No se extrañe si Hormiguita, gracias a un instinto particular, había establecido su contabilidad diaria de una manera muy regular; tanto, para la posada; tanto, para la comida; tanto, para el lavado de ropa, el fuego y la luz. Todas las mañanas apuntaba en su cuaderno la suma destinada a la compra de mercancías, y por la noche hacía el balance de gastos y productos. Sabía comprar y vender y sacaba utilidad. Tan bien que a finales del año 1882 hubiera tenido diez libras en caja de haber poseído caja. Verdad es que un editor, en casa del que compraba ordinariamente, había puesto la suya a su disposición y en ella depositaba todas las semanas los beneficios que producían hasta un pequeño interés.

No ocultaremos que ante el éxito obtenido a fuerza de economía y de inteligencia, el joven tuvo una ambición, la ambición reflexiva y legítima de aumentar sus negocios. Tal vez lo conseguiría con el tiempo, estableciéndose en Cork de una manera definitiva. Pero él se decía, no sin razón, que una ciudad más importante, Dublín, por ejemplo, la capital de Irlanda, le ofrecería mayores recursos. Cork, ya se sabe, no es más que un puerto de pasaje, donde el comercio está relativamente restringido, mientras en Dublín… ¡Pero estaba tan lejos!… Sin embargo, no sería imposible. ¡Cuidado, Hormiguita! ¿Es que tu espíritu práctico comenzará a forjar quimeras? ¿Serías capaz de abandonar la presa por la sombra, la realidad por el sueño? Después de todo, no le está prohibido soñar a un niño.

El invierno no fue muy riguroso, ni en los últimos meses del año 1882, ni en los primeros de 1883. Hormiguita y Bob no sufrieron mucho corriendo por las calles de la mañana a la noche. Sin embargo, no deja de ser duro estacionarse bajo la nieve en los rincones de las plazas; pero ambos estaban desde su primera edad aclimatados a las intemperies, y jamás cayeron enfermos. Todos los días, cualquiera que fuese el estado del cielo, dejaban el lecho al alba, y abandonando el resto del fuego, iban a comprar primero, a vender en seguida en el andén de la estación, en el momento de la llegada y partida de los trenes, y después, a través de los diversos barrios donde Birk transportaba su atalaje. Solamente los domingos se daban algún descanso, repasando sus ropas, arreglando su cuarto, dejando su desván tan limpio como era posible; el uno, poniendo en orden su contabilidad, y el otro, estudiando sus lecciones de lectura, escritura y aritmética. Al mediodía, acompañados de Birk, iban por los alrededores de Cork, bajaban el río hasta Queenstown como dos buenos burgueses que se pasean después de una semana de trabajo. Un día se permitieron dar en barco la vuelta a la bahía, y por vez primera pudo Bob abrazar con la mirada el mar sin límites.

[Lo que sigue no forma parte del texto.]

text \<open>The library's division of polynomials says nothing about coefficients in K, so
  division with remainder by a monic polynomial is redone inside K.\<close>
lemma poly_over_div_monic:
  assumes q: "poly_over K q" "lead_coeff q = 1" and D: "poly_over K D"
  obtains Q R where "poly_over K Q" "poly_over K R" "D = q * Q + R" "R = 0 \<or> degree R < degree q"
  using D
proof (induction "degree D" arbitrary: D thesis rule: less_induct)
  case less
  show ?case
  proof (cases "D = 0 \<or> degree D < degree q")
    case True
    then show ?thesis using less.prems by (intro less.prems(1)[of 0 D]) auto
  next
    case False
    define c where "c = lead_coeff D"
    define M where "M = smult c (monom 1 (degree D - degree q))"
    have M: "poly_over K M"
      using less.prems(2) unfolding M_def c_def poly_over_def by (auto intro: mult_mem simp: coeff_monom)
    have "\<forall>k\<ge>degree D. coeff (D - q * M) k = 0"
    proof -
      have "coeff (q * M) k = (if k = degree D then c else 0)" if "k \<ge> degree D" for k
        using False that q(2) coeff_eq_0[of q "k - (degree D - degree q)"]
        by (auto simp: M_def mult.commute[of q] coeff_monom_mult)
      then show ?thesis
        using coeff_eq_0[of D] by (auto simp: c_def)
    qed
    then have "D - q * M = 0 \<or> degree (D - q * M) < degree D"
      by (metis degree_lessI)
    moreover have "poly_over K (D - q * M)"
      by (intro poly_over_diff poly_over_mult less.prems(2) q(1) M)
    ultimately obtain Q R where "poly_over K Q" "poly_over K R" "D - q * M = q * Q + R"
      "R = 0 \<or> degree R < degree q"
      using less.hyps by (metis add_0 mult_zero_right poly_over_0)
    then show ?thesis
      by (intro less.prems(1)[of "Q + M" R]) (auto simp: poly_over_add M algebra_simps)
  qed
qed

lemma is_min_poly_exists:
  assumes "algebraic_over K x"
  obtains m where "is_min_poly K x m"
proof -
  let ?deg = "\<lambda>n. \<exists>P. P \<noteq> 0 \<and> poly_over K P \<and> poly P x = 0 \<and> degree P = n"
  obtain P where P: "P \<noteq> 0" "poly_over K P" "poly P x = 0" "degree P = Least ?deg"
    using LeastI_ex[of ?deg] assms unfolding algebraic_over_def by blast
  have "degree P \<le> degree R" if "R \<noteq> 0" "poly_over K R" "poly R x = 0" for R
    unfolding P(4) by (rule Least_le) (use that in blast)
  moreover have "poly_over K (smult (inverse (lead_coeff P)) P)"
    using P(2) by (intro poly_over_smult inverse_mem) (auto simp: poly_over_def)
  ultimately have "is_min_poly K x (smult (inverse (lead_coeff P)) P)"
    using P(1-3) unfolding is_min_poly_def by simp
  then show ?thesis by (rule that)
qed

lemma is_min_poly_dvd:
  assumes m: "is_min_poly K x m" and D: "poly_over K D" "poly D x = 0"
  obtains Q where "poly_over K Q" "D = m * Q"
proof -
  have mK: "poly_over K m" "lead_coeff m = 1"
    using m unfolding is_min_poly_def by auto
  obtain Q R where QR: "poly_over K Q" "poly_over K R" "D = m * Q + R" "R = 0 \<or> degree R < degree m"
    using poly_over_div_monic[OF mK D(1)] .
  have "poly R x = 0"
    using D(2) QR(3) m unfolding is_min_poly_def by simp
  then have "R = 0"
    using QR m unfolding is_min_poly_def by (meson not_le)
  then show ?thesis
    using QR that by simp
qed

lemma power_eq_lower_powers:
  assumes m: "is_min_poly K x m"
  obtains r where "\<And>i. r i \<in> K" "\<And>z. poly m z = 0 \<Longrightarrow> z ^ n = (\<Sum>i<degree m. r i * z ^ i)"
proof -
  have mK: "poly_over K m" "lead_coeff m = 1"
    using m unfolding is_min_poly_def by auto
  obtain Q R where QR: "poly_over K R" "monom 1 n = m * Q + R" "R = 0 \<or> degree R < degree m"
    using poly_over_div_monic[OF mK poly_over_monom[OF one_mem]] by metis
  have "z ^ n = (\<Sum>i<degree m. coeff R i * z ^ i)" if "poly m z = 0" for z
    using arg_cong[OF QR(2), of "\<lambda>P. poly P z"] that poly_eq_sum_lessThan[OF QR(3)]
    by (simp add: poly_monom)
  then show ?thesis
    using that[of "coeff R"] QR(1) unfolding poly_over_def by blast
qed

lemma is_min_poly_root:
  assumes m: "is_min_poly K x m" and y: "poly m y = 0" and alg: "algebraic_over K y"
  shows "is_min_poly K y m"
proof -
  obtain my where my: "is_min_poly K y my"
    using is_min_poly_exists[OF alg] .
  have mK: "poly_over K m" "m \<noteq> 0"
    using m unfolding is_min_poly_def by auto
  obtain Q where Q: "poly_over K Q" "m = my * Q"
    using is_min_poly_dvd[OF my mK(1) y] .
  have "poly my x = 0"
  proof (rule ccontr)
    assume "poly my x \<noteq> 0"
    then have "degree m \<le> degree Q"
      using m Q unfolding is_min_poly_def by auto
    moreover have "degree m = degree my + degree Q"
      using Q mK(2) by (simp add: degree_mult_eq)
    ultimately show False
      using is_min_poly_degree_pos[OF my] by simp
  qed
  then have "degree m \<le> degree my"
    using m my unfolding is_min_poly_def by auto
  then show ?thesis
    using my m y unfolding is_min_poly_def by (meson order_trans)
qed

—Y más lejos —preguntó, continuando siempre por el agua—, ¿qué se encontraría?

—Un gran país, Bob.

—¿Más grande que el nuestro?

—Millares de veces. Esos grandes navíos que has visto necesitan, por lo menos, ocho días para hacer la travesía.

—¿Y hay periódicos en ese país?

—¿Periódicos, Bob? ¡Oh! Por centenas. Periódicos que se venden hasta a seis peniques.

—¿Estás seguro?

—Muy seguro. Hasta de que sería preciso meses y meses para leerlos todos enteros.

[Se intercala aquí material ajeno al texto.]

(* Let $\mathbf{M}\in\mathbb{R}^{N\times N}$ be symmetric with eigenvalues $\lambda_1>\lambda_2\ge\lambda_3\ge\cdots\ge\lambda_N$, and let $g(\bm{x})=-\tfrac12\bm{x}^\top\mathbf{M}\bm{x}$ be restricted to the unit sphere $\mathbb{S}^{N-1}$. Set $\epsilon=0.2(\lambda_1-\lambda_2)$ and $\eta=0.3(\lambda_1-\lambda_2)$. Then for every $\bm{x}\in\mathbb{S}^{N-1}$ with $\|\mathrm{grad}\,g(\bm{x})\|_2\le\epsilon$ we have $|\lambda_{\min}(\mathrm{hess}\,g(\bm{x}))|\ge\eta$.
   Context: $\mathbb{S}^{N-1}=\{\bm{x}\in\mathbb{R}^N:\|\bm{x}\|_2=1\}$. The Riemannian gradient and Hessian of $g$ on the sphere are $\mathrm{grad}\,g(\bm{x})=(\bm{x}\bm{x}^\top-\mathbf{I}_N)\mathbf{M}\bm{x}$ and $\mathrm{hess}\,g(\bm{x})=(\mathbf{I}_N-\bm{x}\bm{x}^\top)(\bm{x}^\top\mathbf{M}\bm{x}\,\mathbf{I}_N-\mathbf{M})(\mathbf{I}_N-\bm{x}\bm{x}^\top)$, the latter regarded as a quadratic form on the tangent space $\mathcal{T}_{\bm{x}}\mathbb{S}^{N-1}=\{\bm{u}\in\mathbb{R}^N:\bm{x}^\top\bm{u}=0\}$; thus $\lambda_{\min}(\mathrm{hess}\,g(\bm{x}))=\min\{\bm{u}^\top\mathrm{hess}\,g(\bm{x})\bm{u}:\bm{u}\in\mathcal{T}_{\bm{x}}\mathbb{S}^{N-1},\|\bm{u}\|_2=1\}=\min\{\bm{x}^\top\mathbf{M}\bm{x}-\bm{u}^\top\mathbf{M}\bm{u}:\bm{x}^\top\bm{u}=0,\|\bm{u}\|_2=1\}$. *)

theory Defs
  imports "Jordan_Normal_Form.Char_Poly"
begin

definition outer_vec :: "real vec \<Rightarrow> real mat" where
  "outer_vec x = mat (dim_vec x) (dim_vec x) (\<lambda>(i,j). x $ i * x $ j)"

text \<open>Riemannian gradient of g(x) = -1/2 x^T M x on the sphere: (x x^T - I) M x.\<close>
definition sphere_grad :: "real mat \<Rightarrow> real vec \<Rightarrow> real vec" where
  "sphere_grad M x = (outer_vec x - 1\<^sub>m (dim_vec x)) *\<^sub>v (M *\<^sub>v x)"

definition sphere_hess :: "real mat \<Rightarrow> real vec \<Rightarrow> real mat" where
  "sphere_hess M x =
     (let n = dim_vec x; P = 1\<^sub>m n - outer_vec x
      in P * ((x \<bullet> (M *\<^sub>v x)) \<cdot>\<^sub>m 1\<^sub>m n - M) * P)"

text \<open>Smallest eigenvalue of the Hessian regarded as a quadratic form on the tangent space.\<close>
definition lambda_min_hess :: "real mat \<Rightarrow> real vec \<Rightarrow> real" where
  "lambda_min_hess M x =
     Inf {u \<bullet> (sphere_hess M x *\<^sub>v u) | u. u \<in> carrier_vec (dim_vec x) \<and> x \<bullet> u = 0 \<and> u \<bullet> u = 1}"

definition vnorm :: "real vec \<Rightarrow> real" where
  "vnorm x = sqrt (x \<bullet> x)"

end

(*
  Let v be a unit eigenvector for lam 0, put d = lam 0 - lam 1 and r = x' M x.  Deflating v
  and inducting on the remaining eigenvalues shows that the quadratic form of M is at most
  lam 1 |z|^2 on the orthogonal complement of v.  On the tangent space at x the Hessian is
  the form u |-> r - u' M u.

  If r >= lam 1 + d/2, testing the gradient r x - M x against the component y of x
  orthogonal to v gives (d/2) |y|^2 <= 0.2 d |y|, so |y|^2 <= 0.16.  By Bessel's inequality
  every unit tangent u has (u.v)^2 <= 1 - (x.v)^2 = |y|^2, hence u' M u <= lam 1 + 0.16 d and
  the Hessian is at least 0.34 d.  If r < lam 1 + d/2, testing the gradient against v gives
  (x.v)^2 <= 0.16, and the normalised tangent part of v has Hessian value
  -(lam 0 - r)(1 - 2 (x.v)^2)/(1 - (x.v)^2) <= -0.3 d.
*)
theory Submission
  imports Defs "Jordan_Normal_Form.Schur_Decomposition"
begin

lemma scalar_prod_self_nonneg: "0 \<le> (v :: real vec) \<bullet> v"
  using conjugate_square_ge_0_vec[of v] by simp

lemma scalar_prod_self_eq_0_iff:
  "(v :: real vec) \<in> carrier_vec n \<Longrightarrow> v \<bullet> v = 0 \<longleftrightarrow> v = 0\<^sub>v n"
  using conjugate_square_eq_0_vec[of v n] by simp

lemma scalar_prod_self_normalize:
  fixes u :: "real vec"
  assumes "u \<in> carrier_vec n" and "u \<bullet> u \<noteq> 0"
  shows "((1 / sqrt (u \<bullet> u)) \<cdot>\<^sub>v u) \<bullet> ((1 / sqrt (u \<bullet> u)) \<cdot>\<^sub>v u) = 1"
  using assms scalar_prod_self_nonneg[of u] by simp

lemma dim_pos_if_unit:
  "(v :: real vec) \<in> carrier_vec n \<Longrightarrow> v \<bullet> v = 1 \<Longrightarrow> 0 < n"
  by (cases n) (auto simp: scalar_prod_def)

lemma scalar_prod_cauchy_schwarz:
  fixes v w :: "real vec"
  assumes v: "v \<in> carrier_vec n" and w: "w \<in> carrier_vec n"
  shows "(v \<bullet> w)^2 \<le> (v \<bullet> v) * (w \<bullet> w)"
proof (cases "w \<bullet> w = 0")
  case True
  then have "w = 0\<^sub>v n" using scalar_prod_self_eq_0_iff[OF w] by simp
  then show ?thesis using v by simp
next
  case False
  then have wp: "w \<bullet> w > 0" using scalar_prod_self_nonneg[of w] by simp
  let ?z = "(w \<bullet> w) \<cdot>\<^sub>v v - (v \<bullet> w) \<cdot>\<^sub>v w"
  have "0 \<le> ?z \<bullet> ?z" by (rule scalar_prod_self_nonneg)
  also have "?z \<bullet> ?z = (w \<bullet> w) * ((w \<bullet> w) * (v \<bullet> v) - (v \<bullet> w)^2)"
    using v w by (simp add: minus_scalar_prod_distrib scalar_prod_minus_distrib
        comm_scalar_prod[of w n v] power2_eq_square algebra_simps)
  finally show ?thesis using wp by (simp add: zero_le_mult_iff mult.commute)
qed

lemma scalar_prod_sq_le_if_vnorm_le:
  fixes g w :: "real vec"
  assumes g: "g \<in> carrier_vec n" and w: "w \<in> carrier_vec n" and ge: "vnorm g \<le> e"
  shows "(g \<bullet> w)^2 \<le> e^2 * (w \<bullet> w)"
proof -
  have "(sqrt (g \<bullet> g))^2 \<le> e^2"
    using ge scalar_prod_self_nonneg[of g] unfolding vnorm_def by (intro power_mono) auto
  then have "g \<bullet> g \<le> e^2" using scalar_prod_self_nonneg[of g] by simp
  then have "(g \<bullet> g) * (w \<bullet> w) \<le> e^2 * (w \<bullet> w)"
    using scalar_prod_self_nonneg[of w] by (rule mult_right_mono)
  with scalar_prod_cauchy_schwarz[OF g w] show ?thesis by linarith
qed

lemma symmetric_scalar_prod_mult:
  fixes M :: "real mat"
  assumes M: "M \<in> carrier_mat n n" and sym: "transpose_mat M = M"
    and a: "a \<in> carrier_vec n" and b: "b \<in> carrier_vec n"
  shows "(M *\<^sub>v a) \<bullet> b = a \<bullet> (M *\<^sub>v b)"
  using transpose_vec_mult_scalar[OF M b a] sym by simp

lemma scalar_prod_orthogonal_sum:
  fixes v z y :: "real vec"
  assumes v: "v \<in> carrier_vec n" and z: "z \<in> carrier_vec n" and y: "y \<in> carrier_vec n"
    and v1: "v \<bullet> v = 1" and zv: "z \<bullet> v = 0" and yv: "y \<bullet> v = 0"
  shows "(a \<cdot>\<^sub>v v + z) \<bullet> (b \<cdot>\<^sub>v v + y) = a * b + z \<bullet> y"
proof -
  have av: "a \<cdot>\<^sub>v v \<in> carrier_vec n" and bv: "b \<cdot>\<^sub>v v \<in> carrier_vec n" using v by auto
  have vy: "v \<bullet> y = 0" using yv comm_scalar_prod[OF v y] by simp
  show ?thesis
    using v z y vy zv v1
    by (simp add: add_scalar_prod_distrib[OF av z] scalar_prod_add_distrib[OF av bv y]
        scalar_prod_add_distrib[OF z bv y])
qed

Y Bob miraba con admiración a ese sorprendente Hormiguita, que era capaz de asegurar tal cosa. Hubiera deseado lanzarse al puente y trepar por los palos de aquellos grandes barcos y steamers que buscaban abrigo habitualmente en Queenstown, mientras Hormiguita preferiría, seguramente, visitar la cala y el cargamento.

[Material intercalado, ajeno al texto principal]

lemma transport_eq_flux:
  assumes s: "s = (\<lambda>t. \<Sum>x\<in>V. \<bar>mass (f' t) x\<bar>)" and pos: "\<And>t. t \<in> {0..1} \<Longrightarrow> 0 < s t"
  shows "transport_eq V E tail head f (\<lambda>t k. sgn (mass (f' t) (head k)) * s t)
    (\<lambda>t k. if k \<in> E then \<bar>mass (f' t) (head k)\<bar> / s t else 0)"
  unfolding transport_eq_def
proof (intro conjI)
  let ?g = "\<lambda>t k. if k \<in> E then \<bar>mass (f' t) (head k)\<bar> / s t else 0"
  have meas_flux: "(\<lambda>t. mass (f' t) x) \<in> borel_measurable (restrict_space lborel {0..1})" for x
    by (rule continuous_on_imp_measurable_restrict_lborel[OF continuous_on_flux])
  have meas_s: "s \<in> borel_measurable (restrict_space lborel {0..1})"
    unfolding s using continuous_on_flux
    by (intro continuous_on_imp_measurable_restrict_lborel continuous_on_sum continuous_on_rabs)
  show "\<forall>t\<in>{0..1}. probvec V (f t)" using prob by blast
  show "\<forall>x\<in>V. abs_cont_on {0..1} (\<lambda>t. f t x)"
    using deriv cont by (auto intro!: abs_cont_on_C1[where h' = "\<lambda>t. f' t _"])
  show "\<forall>k\<in>E. (\<lambda>t. sgn (mass (f' t) (head k)) * s t) \<in> borel_measurable (restrict_space lborel {0..1})"
    using meas_flux meas_s by (auto intro!: borel_measurable_times measurable_compose[OF _ borel_measurable_sgn])
  show "\<forall>k\<in>E. (\<lambda>t. ?g t k) \<in> borel_measurable (restrict_space lborel {0..1})"
    using meas_flux meas_s by (auto intro!: borel_measurable_divide borel_measurable_abs)
  show "\<forall>t\<in>{0..1}. probvec E (?g t)"
  proof
    fix t :: real assume t: "t \<in> {0..1}"
    show "probvec E (?g t)"
      by (rule probvec_normalized_abs[OF finite_E]) (use speed_eq_sum_edges[OF t] pos[OF t] s in auto)
  qed
  have "f' t x = (\<Sum>k\<in>E. incid tail head x k * (sgn (mass (f' t) (head k)) * s t) * ?g t k)"
    if t: "t \<in> {0..1}" and x: "x \<in> V" for t x
    unfolding flux_incidence[OF t x] using pos[OF t] by (intro sum.cong) (auto simp: sgn_if)
  then show "AE t in lborel. t \<in> {0..1} \<longrightarrow> (\<forall>x\<in>V. ((\<lambda>\<tau>. f \<tau> x) has_real_derivative
      (\<Sum>k\<in>E. incid tail head x k * (sgn (mass (f' t) (head k)) * s t) * ?g t k)) (at t within {0..1}))"
    using deriv by (intro always_eventually) auto
qed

Pero hasta entonces, ni uno ni otro habían osado embarcarse sin permiso del capitán —¡un personaje del que tenían una idea!—. En cuanto a pedírselo, esto pasaba de sus ánimos. El amo después de Dios, como había oído decir Hormiguita, y se lo repetía a Bob.

Así pues, el deseo de los niños estaba aún por realizar.

Esperemos que podrán satisfacerlo algún día, así como otros tantos que se despertaban en ellos.